Bilateral Investment Treaties and Amendments to the Corresponding Private Investment Contracts are Long Overdue: They Fail to Cater for the Interests of Both Investors and Beneficiaries
Anna Lefcovitch, Solicitor, Arcadis LLP , UK
Professor Charles Chatterjee, Associate Fellow , Institute of Advanced Legal Studies, UK
Revised policies for drafting bi-lateral investment agreements and investment contracts as products of these agreements are long overdue. By the same token, a reflection on the attitudinal changes on the part of developing countries, in general, and at the same time a change of investment policies on the part of developed countries are also long overdue.
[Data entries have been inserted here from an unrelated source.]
(* Let $r\ge3$, $n>r$, and $1<i<r$. In $T$ define $\zeta(T_{s_j})=(vF_jE_j-1)1_\omega$ for $1\le j<r$ and $\zeta(T_\rho)=(E_rE_{r+1}\cdots E_{n-1})(E_{r-1}E_{r-2}\cdots E_1)E_n1_\omega$. Then $\zeta(T_{s_{i-1}})\zeta(T_\rho)=\zeta(T_\rho)\zeta(T_{s_i})$.
   Context: $T$ is the $\mathbb{Q}(v)$-algebra with generators $E_i,F_i,K_i^{\pm1}$ ($1\le i\le n$, indices mod $n$) and relations: $K_iK_j=K_jK_i$; $K_iK_i^{-1}=K_i^{-1}K_i=1$; $K_iE_j=v^{\epsilon^+(i,j)}E_jK_i$; $K_iF_j=v^{-\epsilon^+(i,j)}F_jK_i$ ($\epsilon^+(i,j)=1$ if $j=i$, $-1$ if $j\equiv i-1\pmod n$, $0$ otherwise); $E_iF_j-F_jE_i=\delta_{ij}\frac{K_iK_{i+1}^{-1}-K_i^{-1}K_{i+1}}{v-v^{-1}}$; $E_iE_j=E_jE_i$, $F_iF_j=F_jF_i$ if $i-j\not\equiv\pm1$; $E_i^2E_j-(v+v^{-1})E_iE_jE_i+E_jE_i^2=0$, $F_i^2F_j-(v+v^{-1})F_iF_jF_i+F_jF_i^2=0$ if $i-j\equiv\pm1\pmod n$; $K_1\cdots K_n=v^r$; $\prod_{j=0}^r(K_i-v^j)=0$. For a composition $\lambda$ of $r$ into $n$ nonnegative parts, $1_\lambda=\prod_{i=1}^n\prod_{s=1}^{\lambda_i}\frac{K_iv^{-s+1}-K_i^{-1}v^{s-1}}{v^s-v^{-s}}$; $\omega=(1,\dots,1,0,\dots,0)$ with $r$ ones and $n-r$ zeros. *)

theory Defs
  imports "HOL-Computational_Algebra.Polynomial" "HOL-Computational_Algebra.Fraction_Field"
begin

type_synonym qv = "rat poly fract"

definition vv :: qv where "vv = Fract [:0, 1:] 1"

definition qv_algebra :: "(qv \<Rightarrow> 'a::ring_1) \<Rightarrow> bool" where
  "qv_algebra sc \<longleftrightarrow> sc 1 = 1 \<and> (\<forall>a b. sc (a + b) = sc a + sc b)
     \<and> (\<forall>a b. sc (a * b) = sc a * sc b) \<and> (\<forall>a x. sc a * x = x * sc a)"

definition nxt :: "nat \<Rightarrow> nat \<Rightarrow> nat" where "nxt n i = (if i = n then 1 else i + 1)"
definition prv :: "nat \<Rightarrow> nat \<Rightarrow> nat" where "prv n i = (if i = 1 then n else i - 1)"

definition epsp :: "nat \<Rightarrow> nat \<Rightarrow> nat \<Rightarrow> int" where
  "epsp n i j = (if j = i then 1 else if j = prv n i then -1 else 0)"

text \<open>The defining relations of T (with K i^{-1} written Ki i), for indices in {1..n}.\<close>
definition T_relations ::
  "(qv \<Rightarrow> 'a::ring_1) \<Rightarrow> nat \<Rightarrow> nat \<Rightarrow> (nat \<Rightarrow> 'a) \<Rightarrow> (nat \<Rightarrow> 'a) \<Rightarrow> (nat \<Rightarrow> 'a) \<Rightarrow> (nat \<Rightarrow> 'a) \<Rightarrow> bool"
  where
  "T_relations sc n r E F K Ki \<longleftrightarrow>
     (\<forall>i\<in>{1..n}. \<forall>j\<in>{1..n}. K i * K j = K j * K i) \<and>
     (\<forall>i\<in>{1..n}. K i * Ki i = 1 \<and> Ki i * K i = 1) \<and>
     (\<forall>i\<in>{1..n}. \<forall>j\<in>{1..n}. K i * E j = sc (vv powi epsp n i j) * E j * K i) \<and>
     (\<forall>i\<in>{1..n}. \<forall>j\<in>{1..n}. K i * F j = sc (vv powi (- epsp n i j)) * F j * K i) \<and>
     (\<forall>i\<in>{1..n}. \<forall>j\<in>{1..n}. E i * F j - F j * E i =
         (if i = j then sc (inverse (vv - inverse vv)) * (K i * Ki (nxt n i) - Ki i * K (nxt n i))
          else 0)) \<and>
     (\<forall>i\<in>{1..n}. \<forall>j\<in>{1..n}. j \<noteq> nxt n i \<and> j \<noteq> prv n i \<longrightarrow>
         E i * E j = E j * E i \<and> F i * F j = F j * F i) \<and>
     (\<forall>i\<in>{1..n}. \<forall>j\<in>{1..n}. j = nxt n i \<or> j = prv n i \<longrightarrow>
         E i * E i * E j - sc (vv + inverse vv) * E i * E j * E i + E j * E i * E i = 0 \<and>
         F i * F i * F j - sc (vv + inverse vv) * F i * F j * F i + F j * F i * F i = 0) \<and>
     prod_list (map K [1..<n+1]) = sc (vv ^ r) \<and>
     (\<forall>i\<in>{1..n}. prod_list (map (\<lambda>j. K i - sc (vv ^ j)) [0..<r+1]) = 0)"

text \<open>The idempotent 1_lambda for a composition lambda (given as a function on {1..n}).\<close>
definition one_lam ::
  "(qv \<Rightarrow> 'a::ring_1) \<Rightarrow> nat \<Rightarrow> (nat \<Rightarrow> 'a) \<Rightarrow> (nat \<Rightarrow> 'a) \<Rightarrow> (nat \<Rightarrow> nat) \<Rightarrow> 'a" where
  "one_lam sc n K Ki lam = prod_list (map (\<lambda>i. prod_list (map (\<lambda>s.
       (K i * sc (vv powi (1 - int s)) - Ki i * sc (vv powi (int s - 1)))
         * sc (inverse (vv ^ s - inverse (vv ^ s)))) [1..<lam i + 1])) [1..<n+1])"
theorem card_box_arrays_updown: "card {A \<in> box_arrays W k. array_weight W k A = n} = card {s \<in> updown W k. updown_weight W k s = n}"
proof (rule bij_betw_same_card[of "diagonals W"], rule bij_betw_byWitness[of _ "array_of_diagonals W k"])
  show "\<forall>A\<in>{A \<in> box_arrays W k. array_weight W k A = n}. array_of_diagonals W k (diagonals W A) = A" using array_of_diagonals_diagonals by auto
  show "\<forall>s\<in>{s \<in> updown W k. updown_weight W k s = n}. diagonals W (array_of_diagonals W k s) = s" using diagonals_array_of_diagonals by auto
  show "diagonals W ` {A \<in> box_arrays W k. array_weight W k A = n} \<subseteq> {s \<in> updown W k. updown_weight W k s = n}"
    using diagonals_in_updown updown_weight_diagonals by auto
  show "array_of_diagonals W k ` {s \<in> updown W k. updown_weight W k s = n} \<subseteq> {A \<in> box_arrays W k. array_weight W k A = n}"
  proof clarify
    fix s assume s: "s \<in> updown W k" "n = updown_weight W k s"
    have "array_of_diagonals W k s \<in> box_arrays W k" using array_of_diagonals_in_box_arrays[OF s(1)] .
    moreover have "array_weight W k (array_of_diagonals W k s) = updown_weight W k s"
      using updown_weight_diagonals[OF calculation] diagonals_array_of_diagonals[OF s(1)] by simp
    ultimately show "array_of_diagonals W k s \<in> box_arrays W k \<and> array_weight W k (array_of_diagonals W k s) = updown_weight W k s" by simp
  qed
qed
(* Let $\Phi$ be a (finite crystallographic, possibly non-reduced) root system and $V\le\mathbb R\Phi$ a subspace. 1. If $V$ is $1$-small and $\alpha\in\Phi\cap V$, then there is an irreducible saturated root subsystem $\alpha\in\Psi\subseteq\Phi$ of rank $2$ with $\mathbb R\Psi\cap V=\mathbb R\alpha$. 2. If $V$ is $2$-small and $\alpha,\beta\in\Phi$ are linearly independent with $(\mathbb R\alpha+\mathbb R\beta)\cap V$ one-dimensional, then there is an irreducible saturated root subsystem $\alpha\in\Psi\subseteq\Phi$ of rank $2$ with $\beta\notin\Psi$ and $(\mathbb R\Psi+\mathbb R\beta)\cap V$ one-dimensional. 3. If $V$ is $2$-small and $\alpha,\beta\in\Phi\cap V$ are linearly independent, then there is an irreducible saturated root subsystem $\alpha\in\Psi\subseteq\Phi$ of rank $2$ with $\beta\notin\Psi$ and $\mathbb R\Psi\cap V=\mathbb R\alpha$. 4. If $V$ is $2$-small, $\alpha\in\Phi\cap V$ and $\beta,\gamma\in\Phi\setminus V$ are linearly independent, and $(\mathbb R\alpha+\mathbb R\beta+\mathbb R\gamma)\cap V$ is two-dimensional, then there is an irreducible saturated root subsystem $\alpha\in\Psi\subseteq\Phi$ of rank $2$ with $\beta,\gamma\notin\Psi$ such that both $(\mathbb R\Psi+\mathbb R\beta)\cap V$ and $(\mathbb R\Psi+\mathbb R\gamma)\cap V$ are one-dimensional. 5. If $V$ is $2$-small, the roots $\alpha\in\Phi\cap V$ and $\beta,\gamma\in\Phi\setminus V$ are linearly independent, and $(\mathbb R\alpha+\mathbb R\beta+\mathbb R\gamma)\cap V$ is two-dimensional, then there is an irreducible saturated root subsystem $\gamma\in\Psi\subseteq\Phi$ of rank $2$ such that $\mathbb R\alpha+\mathbb R\beta+\mathbb R\Psi$ is four-dimensional and $(\mathbb R\Psi+\mathbb R\alpha+\mathbb R\beta)\cap V$ is two-dimensional.
   Context: A subspace $V\le\mathbb R\Phi$ is $k$-small if for every irreducible component $\Psi$ of $\Phi$ the codimension of $V\cap\mathbb R\Psi$ in $\mathbb R\Psi$ is at least $k$. A saturated root subsystem of $\Phi$ is a subset of the form $\Phi\cap W$ for a linear subspace $W$. *)

theory Defs
  imports "HOL-Analysis.Analysis"
begin
lemma prob_all_thru_ge:
  "thru_bound n r ^ (3 * r - 4) \<le>
    measure_pmf.prob (proc_from n r H (3 * r - 4)) {F. evB (3 * r) F \<and> evA 4 F}"
proof -
  let ?P = "proc_from n r H (3 * r - 4)"
  let ?Thru = "{F. length F = length H + (3 * r - 4) \<and> (\<forall>j<length F. x \<in> F!j)}"
  have "thru_bound n r ^ (3 * r - 4) \<le> measure_pmf.prob ?P ?Thru"
    unfolding thru_bound_def card_edges_thru_kernel[symmetric]
  proof (rule prob_thru_ge[OF _ _ _ card_edges_avoiding_le])
    show "\<forall>j<length H. x \<in> H!j" using kernel_in_edge length_H by simp
  qed (use length_H two_le_r many_thru card_edges_thru_kernel in simp_all)
  also have "\<dots> = measure_pmf.prob ?P (?Thru \<inter> set_pmf ?P)" by (simp add: measure_Int_set_pmf)
  also have "\<dots> \<le> measure_pmf.prob ?P {F. evB (3 * r) F \<and> evA 4 F}"
  proof (rule measure_pmf.finite_measure_mono)
    show "?Thru \<inter> set_pmf ?P \<subseteq> {F. evB (3 * r) F \<and> evA 4 F}"
    proof
      fix F assume F: "F \<in> ?Thru \<inter> set_pmf ?P"
      then have "length F = 3 * r" "x \<in> \<Inter> (set (take (3 * r) F))"
        using length_H two_le_r by (auto simp: in_set_conv_nth)
      then show "F \<in> {F. evB (3 * r) F \<and> evA 4 F}"
        using set_pmf_proc_from_star(3)[of F] F two_le_r by (auto simp: evB_def evA_def)
    qed
  qed simp
  finally show ?thesis .
qed

lemma D_implies_thru_meeting:
  assumes F: "F \<in> set_pmf (proc_from n r H (3 * r - 4))" and D: "evD n r F" and B: "evB (3 * r) F"
  obtains s where "s \<subseteq> {1..n} - {x}" "card s = r" "\<forall>j<4. s \<inter> (H!j - {x}) \<noteq> {}"
    "length F = 3 * r" "\<forall>j<length F. x \<in> F!j \<and> F!j \<inter> s \<noteq> {}"
proof -
  have len: "length F = 3 * r"
    using B set_pmf_proc_from_star(1)[OF F] two_le_r by (simp add: evB_def)
  then have take_F: "take (3 * r) F = F" by simp
  have "\<Inter> (set F) \<noteq> {}" using B take_F by (simp add: evB_def)
  then obtain y where y: "y \<in> \<Inter> (set F)" by blast
  have "y \<in> F!0" "y \<in> F!1" using y nth_mem[of 0 F] nth_mem[of 1 F] len two_le_r by auto
  then have "y \<in> H!0 \<inter> H!1" using set_pmf_proc_from_star(2)[OF F] by simp
  then have "y = x" using petals[of 0 1] by auto
  then have thru: "\<forall>j<length F. x \<in> F!j" using y by auto
  from D obtain s where s: "s \<subseteq> {1..n}" "card s = r" "\<forall>j<3 * r. s \<inter> F!j \<noteq> {}"
      "s \<inter> \<Inter> (set F) = {}"
    unfolding evD_def take_F by blast
  have "x \<notin> s" using s(4) y \<open>y = x\<close> by blast
  have petal: "s \<inter> (H!j - {x}) \<noteq> {}" if "j < 4" for j
  proof -
    have "s \<inter> F!j \<noteq> {}" using s(3) that two_le_r by simp
    then show ?thesis using set_pmf_proc_from_star(2)[OF F that] \<open>x \<notin> s\<close> by auto
  qed
  show thesis
  proof (rule that)
    show "s \<subseteq> {1..n} - {x}" using s(1) \<open>x \<notin> s\<close> by blast
    show "\<forall>j<length F. x \<in> F!j \<and> F!j \<inter> s \<noteq> {}"
      using thru s(3) len by (simp add: inf_commute)
  qed (use s(2) petal len in simp_all)
qed

lemma prob_thru_meeting_le_meet_bound:
  assumes "s \<subseteq> {1..n} - {x}" "card s = r"
  shows "measure_pmf.prob (proc_from n r H (3 * r - 4))
      {F. length F = 3 * r \<and> (\<forall>j<length F. x \<in> F!j \<and> F!j \<inter> s \<noteq> {})}
    \<le> meet_bound n r ^ (3 * r - 4)"
proof -
  let ?q = "real (card (edges_thru_meeting n r x s)) / (real (card (edges_thru n r x)) - real (3 * r))"
  have "card (edges_thru_meeting n r x s) \<le> r * ((n - 2) choose (r - 2))"
    using assms by (rule card_edges_thru_meeting_le[OF kernel_in_range])
  then have "real (card (edges_thru_meeting n r x s)) \<le> real (r * ((n - 2) choose (r - 2)))"
    by (simp only: of_nat_le_iff)
  then have q_le: "?q \<le> meet_bound n r"
    unfolding meet_bound_def card_edges_thru_kernel using many_thru by (simp add: divide_right_mono)
  have "measure_pmf.prob (proc_from n r H (3 * r - 4))
      {F. length F = length H + (3 * r - 4) \<and> (\<forall>j<length F. x \<in> F!j \<and> F!j \<inter> s \<noteq> {})}
    \<le> ?q ^ (3 * r - 4)"
  proof (rule prob_thru_meeting_le)
    show "\<forall>j<length H. x \<in> H!j" using kernel_in_edge length_H by simp
  qed (use length_H two_le_r many_thru card_edges_thru_kernel in simp_all)
  also have "\<dots> \<le> meet_bound n r ^ (3 * r - 4)"
    using q_le many_thru by (intro power_mono) (simp_all add: card_edges_thru_kernel)
  finally show ?thesis using length_H two_le_r by simp
qed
This Article has made attempts to justify the above-mentioned issues, and suggests that attitudinal changes on the part of private foreign investors are needed, and consequently the old-fashioned drafting of private foreign investment contracts too. The other issue which also needs to be reviewed is the perception of “risks” often held by the majority of private foreign investors (transnational corporations). One of the issues highlighted in this Article is how real are these risks, although it must be maintained that in the case of state contracts, the sovereign party to an investment contract can always present risks, but based on empirical studies, it may be maintained that in order to minimise the incidence of risks in private foreign investments, both parties are required to create an atmosphere of mutual understanding and benefits to each other. Herein lies the importance of negotiating techniques in transnational investment contracts.
The opinions expressed in this Article are those of the authors, and in no way may be attributed to the institutions with which the authors are affiliated.